И Захарычу казалось, что тот самый мучительный «дух сомнения», о котором рассказывал «профессор», как то успел забраться и в его душу и что он, Захарыч, попал в число «сомневающихся», преданных протодьяконом «анафеме».
Рой вопросов гудел в голове Захарыча. Мысль, спавшая в нем мертвым сном целую жизнь, никогда, быть может, не проснулась бы, если бы ее не разбудило внезапное столкновение с жизнью, весь уклад которой шел наперекор Захарычу. Но он не мог разобраться в самом себе, чувствовал себя, как заблудившийся в лесу, и не знал, как выйти к свету. Он думал по целым дням и ночам и не мог отвязаться от дум, и это было мучительно для него, потому что, прожив на свете более сорока лет, он еще никогда ни о чем не думал и не имел к этому привычки. Думы его переплетались с необъяснимыми и грустными чувствами. В лучистые, морозные дни он по целым часам сидел на пустынном берегу Волги, занесенной толстым слоем снега, неподвижно смотрел на снежные равнины, на далекие синеющие горы, покрытые лесом и снегом.
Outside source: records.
lemma minkowski_sum_powr:
  fixes x y :: "'a \<Rightarrow> real" and p :: real
  assumes "finite G" "p \<ge> 1"
  shows "(\<Sum>j\<in>G. \<bar>x j + y j\<bar> powr p) powr (1/p)
     \<le> (\<Sum>j\<in>G. \<bar>x j\<bar> powr p) powr (1/p) + (\<Sum>j\<in>G. \<bar>y j\<bar> powr p) powr (1/p)"
proof -
  define a where "a = (\<Sum>j\<in>G. \<bar>x j\<bar> powr p) powr (1/p)"
  define b where "b = (\<Sum>j\<in>G. \<bar>y j\<bar> powr p) powr (1/p)"
  have p0: "p > 0" using assms by simp
  have a_powr: "a powr p = (\<Sum>j\<in>G. \<bar>x j\<bar> powr p)"
    unfolding a_def using p0 by (simp add: powr_powr sum_nonneg)
  have b_powr: "b powr p = (\<Sum>j\<in>G. \<bar>y j\<bar> powr p)"
    unfolding b_def using p0 by (simp add: powr_powr sum_nonneg)
  consider "a = 0" | "b = 0" | "a > 0" "b > 0"
    unfolding a_def b_def by fastforce
  then show ?thesis
  proof cases
    case 1
    then have "\<forall>j\<in>G. x j = 0" using a_powr p0 assms(1) by (simp add: sum_nonneg_eq_0_iff)
    then show ?thesis using 1 unfolding a_def b_def by simp
  next
    case 2
    then have "\<forall>j\<in>G. y j = 0" using b_powr p0 assms(1) by (simp add: sum_nonneg_eq_0_iff)
    then show ?thesis using 2 unfolding a_def b_def by simp
  next
    case 3
    define t where "t = a / (a + b)"
    have t: "0 \<le> t" "t \<le> 1" "1 - t = b / (a + b)"
      using 3 unfolding t_def by (auto simp: field_simps)
    \<comment> \<open>\<open>x + y\<close> is \<open>a + b\<close> times a convex combination of the unit vectors \<open>x/a\<close> and \<open>y/b\<close>.\<close>
    have pointwise: "\<bar>x j + y j\<bar> powr p
        \<le> (a + b) powr p * (t * (\<bar>x j\<bar> powr p / a powr p) + (1 - t) * (\<bar>y j\<bar> powr p / b powr p))" for j
    proof -
      have "\<bar>x j\<bar> + \<bar>y j\<bar> = (a + b) * (t * (\<bar>x j\<bar> / a) + (1 - t) * (\<bar>y j\<bar> / b))"
        using 3 unfolding t(3) by (simp add: t_def distrib_left)
      then have "\<bar>x j + y j\<bar> powr p \<le> ((a + b) * (t * (\<bar>x j\<bar> / a) + (1 - t) * (\<bar>y j\<bar> / b))) powr p"
        using p0 by (metis abs_ge_zero abs_triangle_ineq powr_mono2 less_imp_le)
      also have "\<dots> \<le> (a + b) powr p * (t * (\<bar>x j\<bar> / a) powr p + (1 - t) * (\<bar>y j\<bar> / b) powr p)"
        unfolding powr_mult using 3 t assms by (intro mult_left_mono convex_powr_combination) auto
      finally show ?thesis using 3 by (simp add: powr_divide)
    qed
    have "(\<Sum>j\<in>G. \<bar>x j + y j\<bar> powr p)
        \<le> (\<Sum>j\<in>G. (a + b) powr p * (t * (\<bar>x j\<bar> powr p / a powr p) + (1 - t) * (\<bar>y j\<bar> powr p / b powr p)))"
      by (intro sum_mono pointwise)
    also have "\<dots> = (a + b) powr p * (t * ((\<Sum>j\<in>G. \<bar>x j\<bar> powr p) / a powr p)
        + (1 - t) * ((\<Sum>j\<in>G. \<bar>y j\<bar> powr p) / b powr p))"
      by (simp add: sum_distrib_left sum_distrib_right sum.distrib sum_divide_distrib algebra_simps)
    also have "\<dots> = (a + b) powr p"
      using 3 by (simp flip: a_powr b_powr)
    finally have "(\<Sum>j\<in>G. \<bar>x j + y j\<bar> powr p) powr (1/p) \<le> ((a + b) powr p) powr (1/p)"
      using p0 by (intro powr_mono2) (auto intro: sum_nonneg)
    also have "\<dots> = a + b" using 3 p0 by (simp add: powr_powr)
    finally show ?thesis unfolding a_def b_def .
  qed
qed

lemma powr_add_le_add_powr:
  fixes a b q :: real
  assumes "a \<ge> 0" "b \<ge> 0" "0 < q" "q \<le> 1"
  shows "(a + b) powr q \<le> a powr q + b powr q"
proof (cases "a + b = 0")
  case True
  then show ?thesis using assms by simp
next
  case False
  define s where "s = a + b"
  have s: "s > 0" using False assms s_def by simp
  have le_powr: "c \<le> c powr q" if "0 \<le> c" "c \<le> 1" for c :: real
    using powr_mono'[of q 1 c] that assms by simp
  have "s powr q = s powr q * (a / s + b / s)"
    using s by (simp add: s_def add_divide_distrib[symmetric])
  also have "\<dots> \<le> s powr q * ((a / s) powr q + (b / s) powr q)"
    using le_powr[of "a / s"] le_powr[of "b / s"] s assms
    by (intro mult_left_mono add_mono) (auto simp: s_def divide_le_eq_1)
  also have "\<dots> = a powr q + b powr q"
    using s assms by (simp add: powr_divide distrib_left)
  finally show ?thesis unfolding s_def .
qed

lemma sum_powr_le_card_powr_sum_powr:
  fixes t :: "'a \<Rightarrow> real" and r :: real
  assumes "finite J" "\<And>i. i \<in> J \<Longrightarrow> t i \<ge> 0" "0 < r" "r \<le> 1"
  shows "(\<Sum>i\<in>J. t i powr r) \<le> real (card J) powr (1 - r) * (\<Sum>i\<in>J. t i) powr r"
proof (cases "(\<Sum>i\<in>J. t i) = 0")
  case True
  then have "\<forall>i\<in>J. t i = 0" using assms by (simp add: sum_nonneg_eq_0_iff)
  then show ?thesis by simp
next
  case False
  have card_pos: "real (card J) > 0"
    using False assms(1) by (cases "J = {}") (auto simp: card_gt_0_iff)
  define M where "M = (\<Sum>i\<in>J. t i) / card J"
  have M_pos: "M > 0"
    unfolding M_def using False card_pos assms by (metis divide_pos_pos less_eq_real_def sum_nonneg)
  \<comment> \<open>Young's inequality against the mean \<open>M\<close>.\<close>
  have young: "t i powr r * M powr (1 - r) \<le> r * t i + (1 - r) * M" if "i \<in> J" for i
  proof (cases "t i = 0")
    case True
    then show ?thesis using M_pos assms by simp
  next
    case False
    then show ?thesis using Youngs_inequality_0[of r "1 - r" "t i" M] assms that M_pos by force
  qed
  have "(\<Sum>i\<in>J. t i powr r) * M powr (1 - r) \<le> (\<Sum>i\<in>J. r * t i + (1 - r) * M)"
    unfolding sum_distrib_right by (intro sum_mono young)
  also have "\<dots> = r * (\<Sum>i\<in>J. t i) + (1 - r) * (card J * M)"
    by (simp add: sum.distrib sum_distrib_left)
  also have "\<dots> = card J * M"
    using card_pos by (simp add: M_def field_simps)
  also have "\<dots> = (card J * M powr r) * M powr (1 - r)"
    using M_pos by (simp add: mult.assoc flip: powr_add)
  finally have "(\<Sum>i\<in>J. t i powr r) \<le> card J * M powr r"
    by (rule mult_right_le_imp_le) (use M_pos in simp)
  also have "\<dots> = real (card J) powr (1 - r) * (\<Sum>i\<in>J. t i) powr r"
    using card_pos by (simp add: M_def powr_divide powr_diff)
  finally show ?thesis .
qed

lemma sum_power2_le_sum_powr_powr:
  fixes v :: "'a \<Rightarrow> real"
  assumes "finite G" "0 < p" "p \<le> 2"
  shows "(\<Sum>j\<in>G. (v j)\<^sup>2) \<le> ((\<Sum>j\<in>G. \<bar>v j\<bar> powr p) powr (1/p)) powr 2"
proof -
  define s where "s = (\<Sum>j\<in>G. \<bar>v j\<bar> powr p)"
  have s0: "s \<ge> 0" unfolding s_def by (simp add: sum_nonneg)
  have exp_nonneg: "2/p - 1 \<ge> 0" using assms by (simp add: field_simps)
  have pointwise: "(v j)\<^sup>2 \<le> \<bar>v j\<bar> powr p * s powr (2/p - 1)" if "j \<in> G" for j
  proof -
    have "\<bar>v j\<bar> powr p \<le> s"
      unfolding s_def using assms(1) that by (intro member_le_sum) auto
    have "(v j)\<^sup>2 = \<bar>v j\<bar> powr 2"
      by simp
    also have "\<dots> = (\<bar>v j\<bar> powr p) powr (1 + (2/p - 1))"
      using assms by (simp add: powr_powr)
    also have "\<dots> = \<bar>v j\<bar> powr p * (\<bar>v j\<bar> powr p) powr (2/p - 1)"
      unfolding powr_add by simp
    also have "\<dots> \<le> \<bar>v j\<bar> powr p * s powr (2/p - 1)"
      using \<open>\<bar>v j\<bar> powr p \<le> s\<close> exp_nonneg by (intro mult_left_mono powr_mono2) auto
    finally show ?thesis .
  qed
  have "(\<Sum>j\<in>G. (v j)\<^sup>2) \<le> (\<Sum>j\<in>G. \<bar>v j\<bar> powr p * s powr (2/p - 1))"
    using pointwise by (intro sum_mono) auto
  also have "\<dots> = s * s powr (2/p - 1)"
    unfolding s_def by (simp add: sum_distrib_right)
  also have "\<dots> = s powr (1 + (2/p - 1))"
    using s0 unfolding powr_add by simp
  also have "\<dots> = (s powr (1/p)) powr 2" using assms by (simp add: powr_powr)
  finally show ?thesis unfolding s_def .
qed

lemma le_powr_if_mult_le_mult_powr:
  fixes c d g r :: real
  assumes "c > 0" "d \<ge> 0" "g \<ge> 0" "r < 1" "c * g \<le> d * g powr r"
  shows "g \<le> (d / c) powr (1 / (1 - r))"
proof (cases "g = 0")
  case True
  then show ?thesis by simp
next
  case False
  then have g: "g > 0" using assms by simp
  have "(c * g powr (1 - r)) * g powr r \<le> d * g powr r"
    using assms g by (simp add: mult.assoc flip: powr_add)
  then have "c * g powr (1 - r) \<le> d"
    by (rule mult_right_le_imp_le) (use g in simp)
  then have "g powr (1 - r) \<le> d / c"
    using assms by (simp add: pos_le_divide_eq mult.commute)
  then have "(g powr (1 - r)) powr (1 / (1 - r)) \<le> (d / c) powr (1 / (1 - r))"
    using assms by (intro powr_mono2) auto
  then show ?thesis using assms g by (simp add: powr_powr)
qed

lemma exists_top_subset:
  fixes f :: "'a \<Rightarrow> real"
  assumes "finite U"
  shows "\<exists>T\<subseteq>U. card T = min N (card U) \<and> (\<forall>i\<in>T. \<forall>k\<in>U - T. f k \<le> f i)"
proof (induction N)
  case 0
  then show ?case by (intro exI[of _ "{}"]) auto
next
  case (Suc N)
  then obtain T where T: "T \<subseteq> U" "card T = min N (card U)" "\<forall>i\<in>T. \<forall>k\<in>U - T. f k \<le> f i"
    by blast
  have "finite T" using T(1) assms finite_subset by blast
  show ?case
  proof (cases "T = U")
    case True
    then show ?thesis using T by (intro exI[of _ T]) auto
  next
    case False
    then have "U - T \<noteq> {}" "card T < card U"
      using T(1) assms by (auto intro: psubset_card_mono)
    obtain k where k: "k \<in> U - T" "f k = Max (f ` (U - T))"
      using Max_in[of "f ` (U - T)"] \<open>U - T \<noteq> {}\<close> assms by fastforce
    then have k_max: "\<forall>k'\<in>U - T. f k' \<le> f k"
      using assms by simp
    show ?thesis
    proof (intro exI[of _ "insert k T"] conjI ballI)
      show "insert k T \<subseteq> U" "card (insert k T) = min (Suc N) (card U)"
        using k T \<open>finite T\<close> \<open>card T < card U\<close> by auto
      show "f k' \<le> f i" if "i \<in> insert k T" "k' \<in> U - insert k T" for i k'
        using that k_max T(3) by auto
    qed
  qed
qed
context
  fixes X :: "'x::metric_space set" and T :: "'g::{group_add,countable} \<Rightarrow> 'x \<Rightarrow> 'x"
  assumes sys: "G_system X T"
begin

lemma G_system_in: "x \<in> X \<Longrightarrow> T g x \<in> X"
  using sys unfolding G_system_def homeomorphism_def by blast

lemma G_system_continuous: "continuous_on X (T g)"
  using sys unfolding G_system_def homeomorphism_def by blast

lemma invariant_set_orbit:
  assumes "x \<in> X"
  shows "invariant_set T (orbit T x)"
proof -
  have "T g (T h x) = T (g + h) x" for g h
    using sys assms unfolding G_system_def by simp
  then show ?thesis
    unfolding invariant_set_def orbit_def by auto
qed

lemma invariant_set_closure:
  assumes "A \<subseteq> X" "invariant_set T A"
  shows "invariant_set T (closure A)"
  unfolding invariant_set_def
proof
  fix g
  have "closure A \<subseteq> X"
    using assms(1) sys compact_imp_closed closure_minimal unfolding G_system_def by blast
  moreover have "T g ` A \<subseteq> closure A"
    using assms(2) closure_subset unfolding invariant_set_def by blast
  ultimately show "T g ` closure A \<subseteq> closure A"
    using image_closure_subset continuous_on_subset[OF G_system_continuous] by blast
qed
И в его душе разливалась ядовитая тоска по чем-то утраченном и дорогом, быть может по родной деревне, по той жизни на воздухе, среди природы, под лучами солнца, с которой срослась его душа. И за этой мертвой картиной городской зимы ему чудилась весна в деревне, зеленая степь, широкий простор неба, поющие жаворонки, запах степных трав, пахучие, сырые балки и беззаботные плотничьи песни.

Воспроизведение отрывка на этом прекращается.